Replacing parts or tools at sea is not as simple as ordering replacements and having them delivered. Some items can take weeks to arrive, or they may no longer be made. Wasp-class amphibious assault ship USS Essex (LHD 2) and Combat Logistics Battalion 13, 13th Marine Expeditionary Unit, are addressing supply chain challenges by using embarked 3D printers, providing our team with additive and subtractive manufacturing capabilities.
RIMPAC 2026 will feature approximately 40 experimentation initiatives, each with a respective Department of War or Department of the Navy sponsor, as part of the Fleet Experimentation Program (FLEX). Experimentation initiatives will be conducted during all phases of RIMPAC execution, including while units are pierside, underway, and aboard U.S. Navy and partner nation units. By exposing the Fleet to emerging capabilities, RIMPAC enables experimentation, providing stakeholders real-world warfighter feedback early in the acquisition process.
“We’re able to manufacture parts on site at the point of need,” said Gunnery Sgt. Samuel Margarini, 3D Printing Team non-commissioned officer in charge, assigned to Combat Logistics Battalion 13, 13th Marine Expeditionary Unit. “Whether it’s for the ship, the Marine Corps, or aviation, we’re able to solve problems without waiting on the supply chain.”
Though this capability currently does not solve all supply chain issues, it does break away from traditional manufacturing.
The processes of additive and subtractive manufacturing build or remove material from an object layer by layer from a digital model. The process begins when parts or product specifications that require a replacement are brought to the 3D printing team. The team then measures, designs a digital model, and prints a plastic prototype to verify the dimensions before producing the final product. More complex parts require technicians to use a 3D scanner to capture detailed measurements for digital recreation.
According to Margarini, technicians use plastic prototypes—quicker to make than metal ones—to test design concepts before finalizing products. This streamlines confirmation of precise measurements and fit, saving time, reducing waste, and enabling design refinement before installation.
“The traditional process requires a department to submit a job and the supply department to track, receive, and issue parts," said U.S. Navy Cmdr. Jason Pirrallo, the supply officer aboard Essex. "This capability enables the entire manufacturing process to occur on the ship, reducing administrative hurdles and the time from job submission to receipt of parts."

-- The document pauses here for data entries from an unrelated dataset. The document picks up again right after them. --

text \<open>Generalised over B so that the induction can absorb one member at a time into B.\<close>

lemma subtree_meets_Inter:
  assumes "finite \<C>" "\<forall>A\<in>\<C>. subtree A" "\<forall>A\<in>\<C>. \<forall>A'\<in>\<C>. A \<inter> A' \<noteq> {}"
    and "subtree B" "B \<noteq> {}" "\<forall>A\<in>\<C>. B \<inter> A \<noteq> {}"
  shows "B \<inter> \<Inter>\<C> \<noteq> {}"
  using assms
proof (induction \<C> arbitrary: B rule: finite_induct)
  case empty
  then show ?case by simp
next
  case (insert A \<C>)
  note subtrees = insert.prems(1) and meet = insert.prems(2) and B = insert.prems(3-5)
  have "B \<inter> A \<inter> \<Inter>\<C> \<noteq> {}"
  proof (rule insert.IH)
    show "\<forall>C\<in>\<C>. B \<inter> A \<inter> C \<noteq> {}"
    proof
      fix C assume "C \<in> \<C>"
      then show "B \<inter> A \<inter> C \<noteq> {}"
        using subtrees_meet_pairwise_imp_meet[of B A C] subtrees meet B by (simp add: Int_commute)
    qed
    show "subtree (B \<inter> A)"
      using subtree_Int B(1) subtrees by simp
    show "B \<inter> A \<noteq> {}"
      using B(3) by simp
  qed (use subtrees meet in simp_all)
  then show ?case by (simp add: Int_assoc)
qed

lemma helly_subtrees:
  assumes "finite \<C>" "\<forall>A\<in>\<C>. subtree A" "\<forall>A\<in>\<C>. \<forall>B\<in>\<C>. A \<inter> B \<noteq> {}"
  shows "V \<inter> \<Inter>\<C> \<noteq> {}"
proof (rule subtree_meets_Inter[OF assms subtree_V V_nonempty])
  show "\<forall>A\<in>\<C>. V \<inter> A \<noteq> {}"
  proof
    fix A assume "A \<in> \<C>"
    then have "A \<subseteq> V" "A \<inter> A \<noteq> {}"
      using assms(2,3) subtree_subset by auto
    then show "V \<inter> A \<noteq> {}" by auto
  qed
qed

definition dist_to :: "'v \<Rightarrow> 'v set \<Rightarrow> nat" where
  "dist_to x C = (INF w \<in> C. vdist x w)"

lemma dist_to_attained: "C \<noteq> {} \<Longrightarrow> \<exists>w\<in>C. vdist x w = dist_to x C"
  unfolding dist_to_def by (metis (mono_tags, lifting) Inf_nat_def1 empty_is_image imageE)

lemma dist_to_le: "w \<in> C \<Longrightarrow> dist_to x C \<le> vdist x w"
  unfolding dist_to_def by (simp add: cINF_lower)

lemma nearest_point_unique:
  assumes C: "subtree C" and x: "x \<in> V" and w: "w \<in> C" and z: "z \<in> C"
    and dw: "vdist x w = dist_to x C" and dz: "vdist x z = dist_to x C"
  shows "w = z"
proof -
  have V: "w \<in> V" "z \<in> V"
    using C w z subtree_subset by auto
  obtain m where m: "m \<in> set (geodesic x w)" "m \<in> set (geodesic x z)" "m \<in> set (geodesic w z)"
    using geodesic_median[OF x V] .
  have "m \<in> C"
    using C w z m(3) unfolding subtree_def by blast
  then have "dist_to x C \<le> vdist x m"
    by (rule dist_to_le)
  then have "m = w" "m = z"
    using dw dz vdist_along_geodesic[OF x V(1) m(1)] vdist_along_geodesic[OF x V(2) m(2)]
    by auto
  then show ?thesis by simp
qed

lemma helly_subtrees_bounded:
  assumes subtrees: "\<forall>A\<in>\<C>. subtree A" and meet: "\<forall>A\<in>\<C>. \<forall>B\<in>\<C>. A \<inter> B \<noteq> {}"
    and \<C>\<^sub>0: "finite \<C>\<^sub>0" "\<C>\<^sub>0 \<subseteq> \<C>"
    and bounded: "\<forall>x\<in>V \<inter> \<Inter>\<C>\<^sub>0. \<forall>y\<in>V \<inter> \<Inter>\<C>\<^sub>0. vdist x y < R"
  shows "V \<inter> \<Inter>\<C> \<noteq> {}"
proof -
  define admissible where "admissible \<F> \<longleftrightarrow> finite \<F> \<and> \<C>\<^sub>0 \<subseteq> \<F> \<and> \<F> \<subseteq> \<C>" for \<F>
  have nonempty: "V \<inter> \<Inter>\<F> \<noteq> {}" if "admissible \<F>" for \<F>
    using helly_subtrees that subtrees meet unfolding admissible_def by (meson subsetD)
  obtain x\<^sub>0 where x\<^sub>0: "x\<^sub>0 \<in> V \<inter> \<Inter>\<C>\<^sub>0"
    using nonempty[of \<C>\<^sub>0] \<C>\<^sub>0 unfolding admissible_def by blast
  define depth where "depth \<F> = dist_to x\<^sub>0 (V \<inter> \<Inter>\<F>)" for \<F>
  have nearest: "\<exists>w \<in> V \<inter> \<Inter>\<F>. vdist x\<^sub>0 w = depth \<F>" if "admissible \<F>" for \<F>
    unfolding depth_def using nonempty[OF that] by (rule dist_to_attained)
  have "depth \<F> < R" if \<F>: "admissible \<F>" for \<F>
  proof -
    obtain w where w: "w \<in> V \<inter> \<Inter>\<F>" "vdist x\<^sub>0 w = depth \<F>"
      using nearest[OF \<F>] by blast
    moreover have "\<Inter>\<F> \<subseteq> \<Inter>\<C>\<^sub>0"
      using \<F> unfolding admissible_def by blast
    ultimately have "w \<in> V \<inter> \<Inter>\<C>\<^sub>0"
      by blast
    then show ?thesis
      using bounded x\<^sub>0 w(2) by metis
  qed
  moreover have "admissible \<C>\<^sub>0"
    using \<C>\<^sub>0 unfolding admissible_def by blast
  ultimately obtain \<F> where \<F>: "admissible \<F>"
    and deepest: "\<And>\<F>'. admissible \<F>' \<Longrightarrow> depth \<F>' \<le> depth \<F>"
    using ex_has_greatest_nat[of admissible \<C>\<^sub>0 depth R] by blast
  obtain z where z: "z \<in> V \<inter> \<Inter>\<F>" "vdist x\<^sub>0 z = depth \<F>"
    using nearest[OF \<F>] by blast
  have subtree_\<F>: "subtree (V \<inter> \<Inter>\<F>)"
    using subtree_Inter subtrees \<F> unfolding admissible_def by blast
  have "z \<in> A" if "A \<in> \<C>" for A
  proof -
    have A\<F>: "admissible (insert A \<F>)"
      using \<F> that unfolding admissible_def by blast
    then obtain w where w: "w \<in> V \<inter> \<Inter>(insert A \<F>)" "vdist x\<^sub>0 w = depth (insert A \<F>)"
      using nearest by blast
    then have w_\<F>: "w \<in> V \<inter> \<Inter>\<F>"
      by blast
    then have "depth \<F> \<le> vdist x\<^sub>0 w"
      unfolding depth_def by (rule dist_to_le)
    with w(2) deepest[OF A\<F>] have "vdist x\<^sub>0 w = depth \<F>"
      by linarith
    then have "w = z"
      using nearest_point_unique[OF subtree_\<F> _ w_\<F> z(1)] x\<^sub>0 z(2) unfolding depth_def by blast
    then show ?thesis
      using w(1) by blast
  qed
  then show ?thesis
    using z(1) by blast
qed

end

section \<open>Groups acting on trees\<close>

locale tree_group_action = tree_graph V E + group_action G V \<phi>
  for G :: "('g, 'b) monoid_scheme" and V :: "'v set" and E and \<phi> +
  assumes adjacent_image: "g \<in> carrier G \<Longrightarrow> E x y \<Longrightarrow> E (\<phi> g x) (\<phi> g y)"

lemma tree_action_imp_tree_group_action:
  assumes "tree_action G V E \<phi>"
  shows "tree_group_action G V E \<phi>"
proof -
  have "simplicial_tree V E" "group_action G V \<phi>"
    and "\<forall>g\<in>carrier G. \<forall>x\<in>V. \<forall>y\<in>V. E (\<phi> g x) (\<phi> g y) \<longleftrightarrow> E x y"
    using assms unfolding tree_action_def by auto
  moreover have "E x y \<Longrightarrow> x \<in> V \<and> y \<in> V" for x y
    using \<open>simplicial_tree V E\<close> unfolding simplicial_tree_def by blast
  ultimately show ?thesis
    unfolding tree_group_action_def tree_group_action_axioms_def tree_graph_def by blast
qed

context tree_group_action
begin

lemma group_G: "group G"
  using group_hom group_hom.axioms(1) by blast

lemma is_path_image:
  assumes g: "g \<in> carrier G" and p: "is_path x y p"
  shows "is_path (\<phi> g x) (\<phi> g y) (map (\<phi> g) p)"
proof -
  have "set p \<subseteq> V"
    using p unfolding is_path_def by blast
  then show ?thesis
    using p inj_prop[OF g] element_image[OF g] adjacent_image[OF g]
    unfolding is_path_def
    by (auto simp: successively_map hd_map last_map distinct_map inj_on_subset
        elim: successively_mono)
qed

lemma geodesic_image:
  assumes "g \<in> carrier G" "x \<in> V" "y \<in> V"
  shows "geodesic (\<phi> g x) (\<phi> g y) = map (\<phi> g) (geodesic x y)"
  using is_path_image[OF assms(1) is_path_geodesic[OF assms(2,3)]] by (rule geodesic_eqI)

definition fixed_points :: "'g set \<Rightarrow> 'v set" where
  "fixed_points H = {v \<in> V. \<forall>h\<in>H. \<phi> h v = v}"

lemma fixed_points_antimono: "H \<subseteq> K \<Longrightarrow> fixed_points K \<subseteq> fixed_points H"
  unfolding fixed_points_def by blast

lemma fixed_points_eq_Inter: "fixed_points H = V \<inter> (\<Inter>h\<in>H. fixed_points {h})"
  unfolding fixed_points_def by blast

lemma subtree_fixed_points:
  assumes "H \<subseteq> carrier G"
  shows "subtree (fixed_points H)"
  unfolding subtree_def
proof (intro conjI ballI subsetI)
  fix x y v
  assume x: "x \<in> fixed_points H" and y: "y \<in> fixed_points H" and v: "v \<in> set (geodesic x y)"
  have "x \<in> V" "y \<in> V"
    using x y unfolding fixed_points_def by auto
  then have "v \<in> V"
    using v set_geodesic_subset by blast
  moreover have "\<phi> h v = v" if "h \<in> H" for h
  proof -
    have "map (\<phi> h) (geodesic x y) = geodesic x y"
      using geodesic_image[of h x y] assms that x y unfolding fixed_points_def by auto
    then show ?thesis
      using v by (metis map_eq_conv map_ident)
  qed
  ultimately show "v \<in> fixed_points H"
    unfolding fixed_points_def by blast
qed (auto simp: fixed_points_def)

text \<open>c is the midpoint of [x, g x]: since [p, g x] is the g-image of [p, x], the two geodesics
  branch at a g-fixed vertex c, and [x, g x] passes through c symmetrically.\<close>

lemma geodesic_to_image_of_elliptic:
  assumes g: "g \<in> carrier G" and p: "p \<in> V" "\<phi> g p = p" and x: "x \<in> V"
  obtains r c where "geodesic x (\<phi> g x) = rev r @ c # map (\<phi> g) r" "\<phi> g c = c"
proof -
  have gx: "\<phi> g x \<in> V"
    using element_image g x by blast
  obtain q r s where px: "geodesic p x = q @ r" and pgx: "geodesic p (\<phi> g x) = q @ s"
    and "q \<noteq> []" and tripod: "geodesic x (\<phi> g x) = rev r @ last q # s"
    using geodesic_tripod[OF p(1) x gx] .
  have "q @ s = map (\<phi> g) q @ map (\<phi> g) r"
    using geodesic_image[OF g p(1) x] p(2) px pgx by simp
  then have "map (\<phi> g) q = q" and "s = map (\<phi> g) r"
    by (auto simp: append_eq_append_conv)
  moreover from this have "\<phi> g (last q) = last q"
    using \<open>q \<noteq> []\<close> by (metis last_map)
  ultimately show thesis
    using that tripod by simp
qed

For the ship’s Supply Department, 3D printing provides another tool to keep Essex mission-ready.
Pirrallo states that the 3D printing program has reduced the workload on parts orders and saved money across all departments, freeing funds for other essential priorities.
“If we’re in the middle of the ocean and something breaks, instead of waiting a week or two for a replacement, we’re able to get our equipment operational right there,” Margarini said. “There are many parts on ships that are no longer manufactured. Some manufacturers no longer exist, and some parts are simply obsolete. This technology helps supplement the supply system and keeps equipment operational.”
One of Essex’s mission sets is to operate as a forward-deployed medical ship and provide humanitarian aid during a crisis. Because of this, it is essential that medical equipment is readily available.
U.S. Navy Capt. David Foster, senior medical officer aboard Essex, notes that their equipment often consists of low-volume, high-acuity parts that can be easily produced by the 3D printing team. The team has already manufactured replacement room thermostat covers and oxygen storage parts that are unavailable for purchase.
“In the future, we’re hoping to manufacture actual pieces of medical equipment that could then be sterilized and potentially used with patient care,” Foster said. As more departments learn about additive and subtractive manufacturing, the program will expand. It will become more than just replacing broken parts. This tool lets Sailors and Marines solve problems on their own instead of waiting for outside help.
“I think a lot of people still don’t fully understand the capabilities,” Margarini said. “The more people understand the technology, the more you can push and challenge the technology and help advance it.”
By producing replacement components, custom tools, or solutions for ship departments, 3D printing keeps Essex ready at sea, one layer at a time.
Thirty nations, over 30 surface ships, five submarines, 15 national land forces, more than 206 aircraft and 30,000 personnel are participating in RIMPAC in and around the Hawaiian Islands, June 24 to July 31. The world's largest international maritime exercise, RIMPAC provides a unique training opportunity while fostering and sustaining cooperative relationships among participants critical to ensuring the safety of sea lanes and security on the world's oceans. RIMPAC 2026 is the 30th exercise in the series that began in 1971.